To counteract pathogen dissemination, host cells reorganize their cytoskeleton to compartmentalize bacteria and induce autophagy. Using Shigella infection of tissue culture cells, host and pathogen determinants underlying this process are identified and characterized. Using zebrafish models of Shigella infection, the role of discovered molecules and mechanisms are investigated in vivo.
Shigella flexneri is an intracellular pathogen that can escape from phagosomes to reach the cytosol, and polymerize the host actin cytoskeleton to promote its motility and dissemination. New work has shown that proteins involved in actin-based motility are also linked to autophagy, an intracellular degradation process crucial for cell autonomous immunity. Strikingly, host cells may prevent actin-based motility of S. flexneri by compartmentalizing bacteria inside ‘septin cages’ and targeting them to autophagy. These observations indicate that a more complete understanding of septins, a family of filamentous GTP-binding proteins, will provide new insights into the process of autophagy. This report describes protocols to monitor autophagy-cytoskeleton interactions caused by S. flexneri in vitro using tissue culture cells and in vivo using zebrafish larvae. These protocols enable investigation of intracellular mechanisms that control bacterial dissemination at the molecular, cellular, and whole organism level.
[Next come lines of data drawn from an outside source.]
lemma psi_bounded_differences:
  fixes x :: "'v::finite \<Rightarrow> nat option"
  shows "\<bar>psi k x - psi k (x(a := t))\<bar> \<le> 4 / real CARD('v)"
proof -
  define N where "N = real CARD('v)"
  have N: "N > 0" unfolding N_def by simp
  define D where "D u w = usd_form k (opinion_vector (x u)) (opinion_vector (x w))
    - usd_form k (opinion_vector ((x(a := t)) u)) (opinion_vector ((x(a := t)) w))" for u w
  \<comment> \<open>Only the terms in row a or column a of the double sum change.\<close>
  have D: "\<bar>D u w\<bar> \<le> 2 * of_bool (u = a) + 2 * of_bool (w = a)" for u w
  proof (cases "u = a \<or> w = a")
    case True
    then show ?thesis unfolding D_def
      using abs_usd_form_opinion_vector[of k "x u" "x w"]
        abs_usd_form_opinion_vector[of k "(x(a := t)) u" "(x(a := t)) w"] by auto
  qed (simp add: D_def)
  have "\<bar>psi k x - psi k (x(a := t))\<bar> = \<bar>\<Sum>u\<in>UNIV. \<Sum>w\<in>UNIV. D u w\<bar> / N^2"
    unfolding psi_eq_double_sum[of k x] psi_eq_double_sum[of k "x(a := t)"] D_def N_def
    by (simp add: sum_subtractf diff_divide_distrib[symmetric] abs_divide)
  also have "\<bar>\<Sum>u\<in>UNIV. \<Sum>w\<in>UNIV. D u w\<bar> \<le> (\<Sum>u\<in>UNIV. \<Sum>w\<in>UNIV. \<bar>D u w\<bar>)"
    by (rule order.trans[OF sum_abs sum_mono]) (rule sum_abs)
  also have "\<dots> \<le> (\<Sum>u\<in>UNIV. \<Sum>w\<in>(UNIV :: 'v set). 2 * of_bool (u = a) + 2 * of_bool (w = a))"
    by (intro sum_mono D)
  also have "\<dots> = 4 * N"
    by (simp add: sum.distrib N_def flip: sum_distrib_left)
  finally have "\<bar>psi k x - psi k (x(a := t))\<bar> \<le> 4 * N / N^2"
    using N by (simp add: divide_right_mono fun_upd_def)
  also have "\<dots> = 4 / N"
    using N by (simp add: power2_eq_square)
  finally show ?thesis unfolding N_def .
qed
(* Let $R$ be a commutative ring and $M$ a semisimple $R$-module that has a minimal second representation $M=\sum_{i=1}^n K_i$ whose set of main second attached primes $att^s(M)=\{Ann(K_1),\dots,Ann(K_n)\}$ satisfies $att^s(M)=Min(att^s(M))$ (i.e. these ideals are pairwise incomparable). Then the following are equivalent: (1) $M$ is a multiplication module; (2) every PS-hollow submodule of $M$ is simple; (3) every second submodule of $M$ is simple; (4) $M$ is a comultiplication module.
   Context: A submodule $N\neq 0$ of $M$ is second iff for every ideal $I\leq R$, $IN=N$ or $IN=0$. A second representation of $M$ is an expression $M=\sum_{i=1}^n K_i$ with each $K_i$ a second submodule; it is minimal if the ideals $Ann(K_i)$ are pairwise distinct and no $K_j$ is contained in $\sum_{i\neq j}K_i$. $Min(X)$ denotes the set of minimal elements of a set of ideals $X$ w.r.t. inclusion. An $R$-submodule $N\leq M$ is PS-hollow iff for every ideal $I\leq R$ and every submodule $L\leq M$: $N\subseteq IM+L$ implies $N\subseteq IM$ or $N\subseteq L$. $M$ is multiplication iff every submodule is $IM$ for some ideal $I$; $M$ is comultiplication iff $K=(0:_M(0:_R K))$ for every submodule $K\leq M$. *)

theory Defs
  imports Main "HOL.Modules"
begin

text \<open>Setting: R is the commutative ring given by a type 'a::comm_ring_1, M is the whole
  carrier of type 'm::ab_group_add, and scale is the R-action; 'module scale' holds.\<close>

definition submod :: "('a::comm_ring_1 \<Rightarrow> 'm::ab_group_add \<Rightarrow> 'm) \<Rightarrow> 'm set \<Rightarrow> bool" where
  "submod scale N \<longleftrightarrow> module.subspace scale N"

definition ring_ideal :: "'a::comm_ring_1 set \<Rightarrow> bool" where
  "ring_ideal I \<longleftrightarrow> module.subspace ((*) :: 'a \<Rightarrow> 'a \<Rightarrow> 'a) I"

definition ideal_mult :: "('a::comm_ring_1 \<Rightarrow> 'm::ab_group_add \<Rightarrow> 'm) \<Rightarrow> 'a set \<Rightarrow> 'm set \<Rightarrow> 'm set" where
  "ideal_mult scale I N = module.span scale {scale r x | r x. r \<in> I \<and> x \<in> N}"

definition sum_submod :: "'m::ab_group_add set \<Rightarrow> 'm set \<Rightarrow> 'm set" where
  "sum_submod A B = {a + b | a b. a \<in> A \<and> b \<in> B}"

definition Ann :: "('a::comm_ring_1 \<Rightarrow> 'm::ab_group_add \<Rightarrow> 'm) \<Rightarrow> 'm set \<Rightarrow> 'a set" where
  "Ann scale K = {r. \<forall>x\<in>K. scale r x = 0}"

definition colon_M :: "('a::comm_ring_1 \<Rightarrow> 'm::ab_group_add \<Rightarrow> 'm) \<Rightarrow> 'a set \<Rightarrow> 'm set" where
  "colon_M scale I = {x. \<forall>r\<in>I. scale r x = 0}"

definition simple_submod :: "('a::comm_ring_1 \<Rightarrow> 'm::ab_group_add \<Rightarrow> 'm) \<Rightarrow> 'm set \<Rightarrow> bool" where
  "simple_submod scale N \<longleftrightarrow> submod scale N \<and> N \<noteq> {0} \<and>
     (\<forall>L. submod scale L \<and> L \<subseteq> N \<longrightarrow> L = {0} \<or> L = N)"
Shigella flexneri, a Gram-negative invasive enteropathogenic bacterium, can escape from phagosomes to the cytosol, and polymerize the host actin cytoskeleton to evade cytosolic immune responses and promote intra- and intercellular movement1,2. Despite the understanding of actin-based motility in vitro3,4, the mechanisms restricting bacterial dissemination in vivo have not been fully defined. This is critical for a more complete understanding of innate immunity and host defense.
Septins, a highly conserved family of proteins among metazoans, are guanosine triphosphate (GTP)-binding proteins that assemble into hetero-oligomeric complexes and form nonpolar filaments that associate with cellular membranes and the cytoskeleton5,6. Recent work has discovered that infected host cells can prevent Shigella actin based motility by compartmentalizing bacteria targeted to autophagy inside ‘septin cages’, revealing the first cellular mechanism that counteracts actin based motility7,8. A wide open field of investigation now lies in ‘septin biology and infection’. Septin assembly, induced by a variety of pathogens (e.g., Listeria monocytogenes7,9,10, Mycobacterium marinum7,8, Candida albicans11), may emerge as a key issue in host defense5,12.
Autophagy, a highly conserved intracellular degradation process, is viewed as a key component of cell-autonomous immunity because of its ability to deliver cytosolic bacteria to the lysosome13,14. However, the role of bacterial autophagy in vivo to restrict or promote bacterial replication remains poorly understood15,16. The zebrafish (Danio rerio) has emerged as a vertebrate model for the study of infections because it is optically accessible at the larval stages when the innate immune system is already functional17,18. Recent work has characterized the susceptibility of zebrafish larvae to S. flexneri, a paradigm for bacterial autophagy15, and has used the Shigella-zebrafish infection model to study the manipulation of autophagy for antibacterial therapy in vivo19.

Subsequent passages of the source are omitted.